Building the super app
- After the merger, Wang Xing cross-sold new verticals to an already-acquired user base.
- Hotels and travel: launched ~5 years before recording; reached 46% market share vs. Ctrip's 20%.
- Local services: massages, karaoke, ticketing, events — all bookable in-app.
- Home services: dry cleaning, laundry, house cleaning (Thumbtack equivalent).
- Groceries: Instacart-style delivery and in-store scan-and-pay with courier home delivery.
- Merchant SaaS: inventory, booking, payroll, HR, and fintech lending (Square Capital equivalent).
- Online advertising: 16% of revenue, near-100% gross margin.
- Mini-program on WeChat means Tencent distributes the product to half its users at no additional CAC.
Scale and financial performance
- 2018 IPO: ~$3B raised at $50B market cap.
- 2019: $15B revenue, profitable, $1B operating cash flow.
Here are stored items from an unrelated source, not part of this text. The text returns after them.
lemma min_avoiding_sep_greatest_exists:
  assumes "min_avoiding_sep V E X Y S K0"
  shows "\<exists>Ks. min_avoiding_sep V E X Y S Ks \<and>
           (\<forall>K. min_avoiding_sep V E X Y S K \<longrightarrow> NR V E Y K \<subseteq> NR V E Y Ks)"
proof -
  let ?M = "min_avoiding_sep V E X Y S"
  have "\<forall>K. ?M K \<longrightarrow> card (NR V E Y K) < Suc (card V)"
    using card_mono[OF finite_V NR_subset_V] by (simp add: le_imp_less_Suc)
  then obtain Ks where Ks: "?M Ks"
    and largest: "\<And>K. ?M K \<Longrightarrow> card (NR V E Y K) \<le> card (NR V E Y Ks)"
    using ex_has_greatest_nat[of ?M K0 "\<lambda>K. card (NR V E Y K)"] assms by blast
  have "NR V E Y K \<subseteq> NR V E Y Ks" if K: "?M K" for K
  proof -
    let ?U = "NR V E Y K \<union> NR V E Y Ks"
    have "?U \<subseteq> NR V E Y (inner_boundary V E ?U)"
      and "card (NR V E Y (inner_boundary V E ?U)) \<le> card (NR V E Y Ks)"
      using min_avoiding_sep_union[OF K Ks] largest by blast+
    then have "NR V E Y (inner_boundary V E ?U) = NR V E Y Ks"
      using card_seteq[OF finite_NR] by blast
    with \<open>?U \<subseteq> _\<close> show ?thesis
      by blast
  qed
  with Ks show ?thesis
    by blast
qed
- COVID hit travel (highest-margin segment) hard in Q1 2020; total revenue down 12%.
- By May 2020 stock hit $100B market cap; October 2020 hit $200B; February 2021 hit $300B.
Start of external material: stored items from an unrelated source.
(* If the bornological \(V\)-module \(M\) is torsionfree, then so is \(M'\).
   Context: Let \(V\) be a complete discrete valuation ring with uniformiser \(\pi\). A bornology on a set is a collection of subsets (called bounded) containing all finite subsets and closed under finite unions and under taking subsets. A bornological \(V\)-module is a \(V\)-module \(M\) with a bornology such that every bounded subset is contained in a bounded \(V\)-submodule. \(M\) is (bornologically) torsionfree if it is torsionfree as a \(V\)-module and \(\pi^{-1}S=\{x\in M:\pi x\in S\}\) is bounded for every bounded \(S\subseteq M\). A subset \(S\subseteq M\) is compactoid if there is a bounded \(V\)-submodule \(T\subseteq M\) with \(S\subseteq T\) such that for every \(n\in\mathbb N\) there is a finite set \(F_n\subseteq T\) with \(S\subseteq VF_n+\pi^nT\). \(M'\) denotes \(M\) with the bornology consisting of the compactoid subsets. *)

theory Defs
  imports Complex_Main
begin

text \<open>The ring V is the whole type 'v (an integral domain); \<pi> is a uniformiser:
  nonzero, not a unit, and every nonzero element is a unit times a power of \<pi>.\<close>

definition dvr_uniformiser :: "'v::idom \<Rightarrow> bool" where
  "dvr_uniformiser \<pi> \<longleftrightarrow> \<pi> \<noteq> 0 \<and> \<not> (\<pi> dvd 1) \<and>
     (\<forall>x. x \<noteq> 0 \<longrightarrow> (\<exists>u n. u dvd 1 \<and> x = u * \<pi> ^ n))"

definition pi_adically_complete :: "'v::idom \<Rightarrow> bool" where
  "pi_adically_complete \<pi> \<longleftrightarrow>
     (\<forall>a::nat \<Rightarrow> 'v. (\<forall>n. \<pi> ^ n dvd (a (Suc n) - a n)) \<longrightarrow>
        (\<exists>l. \<forall>n. \<pi> ^ n dvd (l - a n)))"

definition complete_dvr :: "'v::idom \<Rightarrow> bool" where
  "complete_dvr \<pi> \<longleftrightarrow> dvr_uniformiser \<pi> \<and> pi_adically_complete \<pi>"

definition bornology :: "'m set set \<Rightarrow> bool" where
  "bornology B \<longleftrightarrow> (\<forall>F. finite F \<longrightarrow> F \<in> B) \<and>
     (\<forall>S\<in>B. \<forall>T\<in>B. S \<union> T \<in> B) \<and> (\<forall>S\<in>B. \<forall>T. T \<subseteq> S \<longrightarrow> T \<in> B)"

definition born_module ::
  "('v::comm_ring_1 \<Rightarrow> 'm::ab_group_add \<Rightarrow> 'm) \<Rightarrow> 'm set set \<Rightarrow> bool" where
  "born_module scale B \<longleftrightarrow> module scale \<and> bornology B \<and>
     (\<forall>S\<in>B. \<exists>T\<in>B. module.subspace scale T \<and> S \<subseteq> T)"

definition pi_inv :: "('v \<Rightarrow> 'm \<Rightarrow> 'm) \<Rightarrow> 'v \<Rightarrow> 'm set \<Rightarrow> 'm set" where
  "pi_inv scale \<pi> S = {x. scale \<pi> x \<in> S}"

definition torsionfree_module ::
  "('v::comm_ring_1 \<Rightarrow> 'm::ab_group_add \<Rightarrow> 'm) \<Rightarrow> bool" where
  "torsionfree_module scale \<longleftrightarrow> (\<forall>c x. c \<noteq> 0 \<longrightarrow> scale c x = 0 \<longrightarrow> x = 0)"

definition born_torsionfree ::
  "('v::comm_ring_1 \<Rightarrow> 'm::ab_group_add \<Rightarrow> 'm) \<Rightarrow> 'v \<Rightarrow> 'm set set \<Rightarrow> bool" where
  "born_torsionfree scale \<pi> B \<longleftrightarrow> torsionfree_module scale \<and>
     (\<forall>S\<in>B. pi_inv scale \<pi> S \<in> B)"

definition compactoid ::
  "('v::comm_ring_1 \<Rightarrow> 'm::ab_group_add \<Rightarrow> 'm) \<Rightarrow> 'v \<Rightarrow> 'm set set \<Rightarrow> 'm set \<Rightarrow> bool" where
  "compactoid scale \<pi> B S \<longleftrightarrow>
     (\<exists>T. T \<in> B \<and> module.subspace scale T \<and> S \<subseteq> T \<and>
        (\<forall>n::nat. \<exists>F. finite F \<and> F \<subseteq> T \<and>
           S \<subseteq> {a + b | a b. a \<in> module.span scale F \<and> b \<in> scale (\<pi> ^ n) ` T}))"

text \<open>The bornology of M': the compactoid subsets.\<close>
definition compactoid_bornology ::
  "('v::comm_ring_1 \<Rightarrow> 'm::ab_group_add \<Rightarrow> 'm) \<Rightarrow> 'v \<Rightarrow> 'm set set \<Rightarrow> 'm set set" where
  "compactoid_bornology scale \<pi> B = {S. compactoid scale \<pi> B S}"

end

theory Submission
  imports Defs
begin

text \<open>If S is compactoid in the bounded submodule T, then \<pi>\<inverse>S is compactoid in \<pi>\<inverse>T,
  which is bounded because M is torsionfree. Given n, choose a finite F with
  S \<subseteq> VF + \<pi>^(n+1) T. Over the discrete valuation ring V the submodule VF \<inter> \<pi>M of the
  finitely generated module VF is again finitely generated, say by \<pi>G with G finite.
  If \<pi>x \<in> S, write \<pi>x = a + \<pi>^(n+1) t; then a = \<pi>z with z \<in> VG, and cancelling \<pi> gives
  x = z + \<pi>^n t \<in> VG + \<pi>^n (\<pi>\<inverse>T).\<close>

lemma dvr_ideal_principal:
  fixes \<pi> :: "'v::idom" and I :: "'v set"
  assumes U: "dvr_uniformiser \<pi>" and "I \<noteq> {}" and ideal: "\<And>c k. k \<in> I \<Longrightarrow> c * k \<in> I"
  shows "\<exists>d\<in>I. \<forall>k\<in>I. d dvd k"
proof (cases "I \<subseteq> {0}")
  case True
  then show ?thesis using \<open>I \<noteq> {}\<close> by auto
next
  case False
  have power_in_I: "\<exists>j. \<pi> ^ j \<in> I \<and> (\<exists>u. u dvd 1 \<and> k = u * \<pi> ^ j)"
    if "k \<in> I" "k \<noteq> 0" for k
  proof -
    from U that obtain u j where u: "u dvd 1" and k: "k = u * \<pi> ^ j"
      unfolding dvr_uniformiser_def by blast
    from u obtain v where "1 = u * v" by (auto elim: dvdE)
    then have "\<pi> ^ j = v * k" using k by (simp add: ac_simps)
    then show ?thesis using ideal[OF \<open>k \<in> I\<close>] u k by metis
  qed
  define m where "m = (LEAST j. \<pi> ^ j \<in> I)"
  from False power_in_I have "\<exists>j. \<pi> ^ j \<in> I" by blast
  then have "\<pi> ^ m \<in> I" unfolding m_def by (rule LeastI_ex)
  moreover have "\<pi> ^ m dvd k" if "k \<in> I" for k
  proof (cases "k = 0")
    case False
    with power_in_I \<open>k \<in> I\<close> obtain j u where "\<pi> ^ j \<in> I" "k = u * \<pi> ^ j" by blast
    moreover from \<open>\<pi> ^ j \<in> I\<close> have "m \<le> j" unfolding m_def by (rule Least_le)
    ultimately show ?thesis by (simp add: le_imp_power_dvd)
  qed simp
  ultimately show ?thesis by blast
qed

lemma torsionfree_scale_cancel:
  assumes "module scale" "torsionfree_module scale" "c \<noteq> 0" "scale c x = scale c y"
  shows "x = y"
proof -
  have "scale c (x - y) = 0"
    using assms(1,4) by (simp add: module.scale_right_diff_distrib)
  then show ?thesis using assms(2,3) unfolding torsionfree_module_def by force
qed

context
  fixes scale :: "'v::idom \<Rightarrow> 'm::ab_group_add \<Rightarrow> 'm"
  assumes M: "module scale"
begin

interpretation module scale by (rule M)

interpretation scale_hom: module_hom scale scale "scale c" for c
  by (rule module_hom_scale_self)

lemma subspace_pi_inv: "subspace T \<Longrightarrow> subspace (pi_inv scale c T)"
  using scale_hom.subspace_vimage by (simp add: pi_inv_def vimage_def)

lemma dvr_submodule_finitely_generated:
  fixes \<pi> :: 'v
  assumes U: "dvr_uniformiser \<pi>" and "finite F" and "subspace N" and "N \<subseteq> span F"
  shows "\<exists>G. finite G \<and> G \<subseteq> N \<and> N \<subseteq> span G"
  using assms(2-4)
proof (induction F arbitrary: N rule: finite_induct)
  case empty
  then show ?case by (intro exI[of _ "{}"]) auto
next
  case (insert f F N)
  from insert.prems have "subspace (N \<inter> span F)" by (simp add: subspace_inter)
  with insert.IH[of "N \<inter> span F"] obtain G
    where G: "finite G" "G \<subseteq> N \<inter> span F" "N \<inter> span F \<subseteq> span G"
    by auto
  txt \<open>The coefficients of f in the elements of N form an ideal of V; an element of N whose
    coefficient generates this ideal is the one generator needed beyond those of N \<inter> VF.\<close>
  define I where "I = {k. \<exists>y\<in>N. y - scale k f \<in> span F}"
  have "0 \<in> I"
    unfolding I_def using insert.prems(1) by (auto intro: subspace_0 span_zero)
  have ideal_I: "c * k \<in> I" if "k \<in> I" for c k
  proof -
    from that obtain y where "y \<in> N" "y - scale k f \<in> span F" unfolding I_def by blast
    then have "scale c y \<in> N" "scale c y - scale (c * k) f \<in> span F"
      using insert.prems(1) span_scale[of "y - scale k f" F c]
      by (auto simp: subspace_scale scale_right_diff_distrib)
    then show ?thesis unfolding I_def by blast
  qed
  obtain d where "d \<in> I" and d_dvd: "\<forall>k\<in>I. d dvd k"
    using dvr_ideal_principal[OF U _ ideal_I] \<open>0 \<in> I\<close> by blast
  then obtain y0 where y0: "y0 \<in> N" "y0 - scale d f \<in> span F" unfolding I_def by blast
  have "y \<in> span (insert y0 G)" if "y \<in> N" for y
  proof -
    from that insert.prems obtain k where k: "y - scale k f \<in> span F"
      using span_breakdown_eq by blast
    with \<open>y \<in> N\<close> d_dvd obtain e where "k = d * e" unfolding I_def by (auto elim: dvdE)
    define z where "z = y - scale e y0"
    have "z \<in> N" unfolding z_def using \<open>y \<in> N\<close> y0 insert.prems(1)
      by (simp add: subspace_diff subspace_scale)
    moreover have "z = (y - scale k f) - scale e (y0 - scale d f)"
      unfolding z_def \<open>k = d * e\<close> by (simp add: scale_right_diff_distrib ac_simps)
    then have "z \<in> span F" using k y0 by (simp add: span_diff span_scale)
    ultimately have "z \<in> span (insert y0 G)" using G span_mono[of G "insert y0 G"] by blast
    then have "z + scale e y0 \<in> span (insert y0 G)"
      by (simp add: span_add span_base span_scale)
    then show ?thesis unfolding z_def by simp
  qed
  then show ?case using G y0 by (intro exI[of _ "insert y0 G"]) auto
qed

lemma span_inter_range_scale_finitely_generated:
  fixes \<pi> :: 'v
  assumes "dvr_uniformiser \<pi>" and "finite F"
  obtains G where "finite G" "scale c ` G \<subseteq> span F"
    and "span F \<inter> range (scale c) \<subseteq> scale c ` span G"
proof -
  have "subspace (span F \<inter> range (scale c))"
    using subspace_span scale_hom.subspace_image[OF subspace_UNIV] by (rule subspace_inter)
  from dvr_submodule_finitely_generated[OF assms this Int_lower1]
  obtain G0 where G0: "finite G0" "G0 \<subseteq> span F \<inter> range (scale c)"
    and spans: "span F \<inter> range (scale c) \<subseteq> span G0"
    by blast
  from G0 obtain G where "finite G" and G0_image: "G0 = scale c ` G"
    using finite_subset_image[of G0 "scale c" UNIV] by blast
  show ?thesis
  proof (rule that)
    show "finite G" by fact
    show "scale c ` G \<subseteq> span F" using G0(2) G0_image by blast
    have "span G0 = scale c ` span G" unfolding G0_image by (rule scale_hom.span_image)
    with spans show "span F \<inter> range (scale c) \<subseteq> scale c ` span G" by simp
  qed
qed

lemma pi_inv_approximation:
  fixes \<pi> :: 'v
  assumes U: "dvr_uniformiser \<pi>" and tf: "torsionfree_module scale"
    and "finite F" and "subspace T"
    and S: "S \<subseteq> {a + b | a b. a \<in> span F \<and> b \<in> scale (\<pi> ^ Suc n) ` T}"
    and F: "F \<subseteq> T"
  shows "\<exists>G. finite G \<and> G \<subseteq> pi_inv scale \<pi> T \<and>
           pi_inv scale \<pi> S \<subseteq> {a + b | a b. a \<in> span G \<and> b \<in> scale (\<pi> ^ n) ` pi_inv scale \<pi> T}"
proof -
  obtain G where G: "finite G" "scale \<pi> ` G \<subseteq> span F"
    and lift: "span F \<inter> range (scale \<pi>) \<subseteq> scale \<pi> ` span G"
    using span_inter_range_scale_finitely_generated[OF U \<open>finite F\<close>] by blast
  have "span F \<subseteq> T" using F \<open>subspace T\<close> by (rule span_minimal)
  with G have "G \<subseteq> pi_inv scale \<pi> T" unfolding pi_inv_def by auto
  moreover have "x \<in> {a + b | a b. a \<in> span G \<and> b \<in> scale (\<pi> ^ n) ` pi_inv scale \<pi> T}"
    if "x \<in> pi_inv scale \<pi> S" for x
  proof -
    from that have "scale \<pi> x \<in> S" unfolding pi_inv_def by simp
    with S obtain a t where "a \<in> span F" "t \<in> T"
      and xa: "scale \<pi> x = a + scale (\<pi> ^ Suc n) t" by blast
    have a: "a = scale \<pi> (x - scale (\<pi> ^ n) t)"
      using xa by (simp add: scale_right_diff_distrib)
    with \<open>a \<in> span F\<close> have "a \<in> span F \<inter> range (scale \<pi>)" by blast
    with lift obtain z where "z \<in> span G" "a = scale \<pi> z" by blast
    have "\<pi> \<noteq> 0" using U unfolding dvr_uniformiser_def by blast
    from torsionfree_scale_cancel[OF M tf this] \<open>a = scale \<pi> z\<close> a
    have "x = z + scale (\<pi> ^ n) t" by (metis diff_add_cancel)
    moreover have "t \<in> pi_inv scale \<pi> T"
      unfolding pi_inv_def using \<open>t \<in> T\<close> \<open>subspace T\<close> by (simp add: subspace_scale)
    ultimately show ?thesis using \<open>z \<in> span G\<close> by (auto intro: imageI)
  qed
  ultimately show ?thesis using G(1) by (intro exI[of _ G] conjI subsetI) blast+
qed

lemma compactoid_pi_inv:
  fixes \<pi> :: 'v
  assumes U: "dvr_uniformiser \<pi>" and tf: "born_torsionfree scale \<pi> B"
    and "compactoid scale \<pi> B S"
  shows "compactoid scale \<pi> B (pi_inv scale \<pi> S)"
proof -
  from \<open>compactoid scale \<pi> B S\<close> obtain T where T: "T \<in> B" "subspace T" "S \<subseteq> T"
    and approx: "\<And>n::nat. \<exists>F. finite F \<and> F \<subseteq> T \<and>
           S \<subseteq> {a + b | a b. a \<in> span F \<and> b \<in> scale (\<pi> ^ n) ` T}"
    unfolding compactoid_def by blast
  have "pi_inv scale \<pi> T \<in> B" using tf T unfolding born_torsionfree_def by blast
  moreover have "subspace (pi_inv scale \<pi> T)" using T by (simp add: subspace_pi_inv)
  moreover have "pi_inv scale \<pi> S \<subseteq> pi_inv scale \<pi> T" using T unfolding pi_inv_def by blast
  moreover have "\<exists>G. finite G \<and> G \<subseteq> pi_inv scale \<pi> T \<and>
      pi_inv scale \<pi> S \<subseteq> {a + b | a b. a \<in> span G \<and> b \<in> scale (\<pi> ^ n) ` pi_inv scale \<pi> T}"
    for n
  proof -
    from approx[of "Suc n"] obtain F where "finite F" "F \<subseteq> T"
      and "S \<subseteq> {a + b | a b. a \<in> span F \<and> b \<in> scale (\<pi> ^ Suc n) ` T}"
      by blast
    moreover have "torsionfree_module scale" using tf unfolding born_torsionfree_def by blast
    ultimately show ?thesis using \<open>subspace T\<close> U by (intro pi_inv_approximation)
  qed
  ultimately show ?thesis unfolding compactoid_def by blast
qed

end

theorem lemma4p2:
  fixes scale :: "'v::idom \<Rightarrow> 'm::ab_group_add \<Rightarrow> 'm"
    and \<pi> :: 'v and B :: "'m set set"
  assumes "complete_dvr \<pi>"
    and "born_module scale B"
    and "born_torsionfree scale \<pi> B"
  shows "born_torsionfree scale \<pi> (compactoid_bornology scale \<pi> B)"
proof -
  have "module scale" using assms(2) unfolding born_module_def by blast
  moreover have "dvr_uniformiser \<pi>" using assms(1) unfolding complete_dvr_def by blast
  ultimately have "compactoid scale \<pi> B (pi_inv scale \<pi> S)"
    if "compactoid scale \<pi> B S" for S
    using assms(3) that by (rule compactoid_pi_inv)
  then show ?thesis
    using assms(3) unfolding born_torsionfree_def compactoid_bornology_def by auto
qed

end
- At time of recording (March 2021): ~$270B market cap — third largest Chinese tech company behind Tencent ($850B) and Alibaba ($675B).
- 475 million transacting users; 6.5 million merchants; 27 transactions per user per year.
- Quarterly operating profit grew from $225M to $1B in a single year.
- Revenue at 5–7x DoorDash's scale; more operating cash flow than Zoom.
Sources of competitive power
- Scale economies: 475M users spread fixed costs of launching new verticals to near-zero CAC.
- Cornered resource / switching costs: 18 years of Dianping review data — per-dish ratings, photos, price data — impossible to replicate and too costly for users to abandon.
- Two-sided network effect: merchant coverage attracts consumers; consumer scale locks in merchants.
- No strong network economies: unlike social platforms, losing a friend to a competitor doesn't matter.
- Counter-positioning against travel incumbents like Ctrip via subsidized customer acquisition funded by food delivery profits.
Key risks and open questions
- Tencent owns ~20% and controls mini-program distribution; any fracture in that relationship is a structural risk.
- Community group buying (groceries direct from farmers via local agents) is the next major frontier — Pinduoduo is the primary competitor there.
- Antitrust exposure is real but unpredictable; the CCP's actual enforcement posture is opaque.
- Value extraction from restaurants mirrors DoorDash concerns — limited English-language coverage of merchant sentiment in China.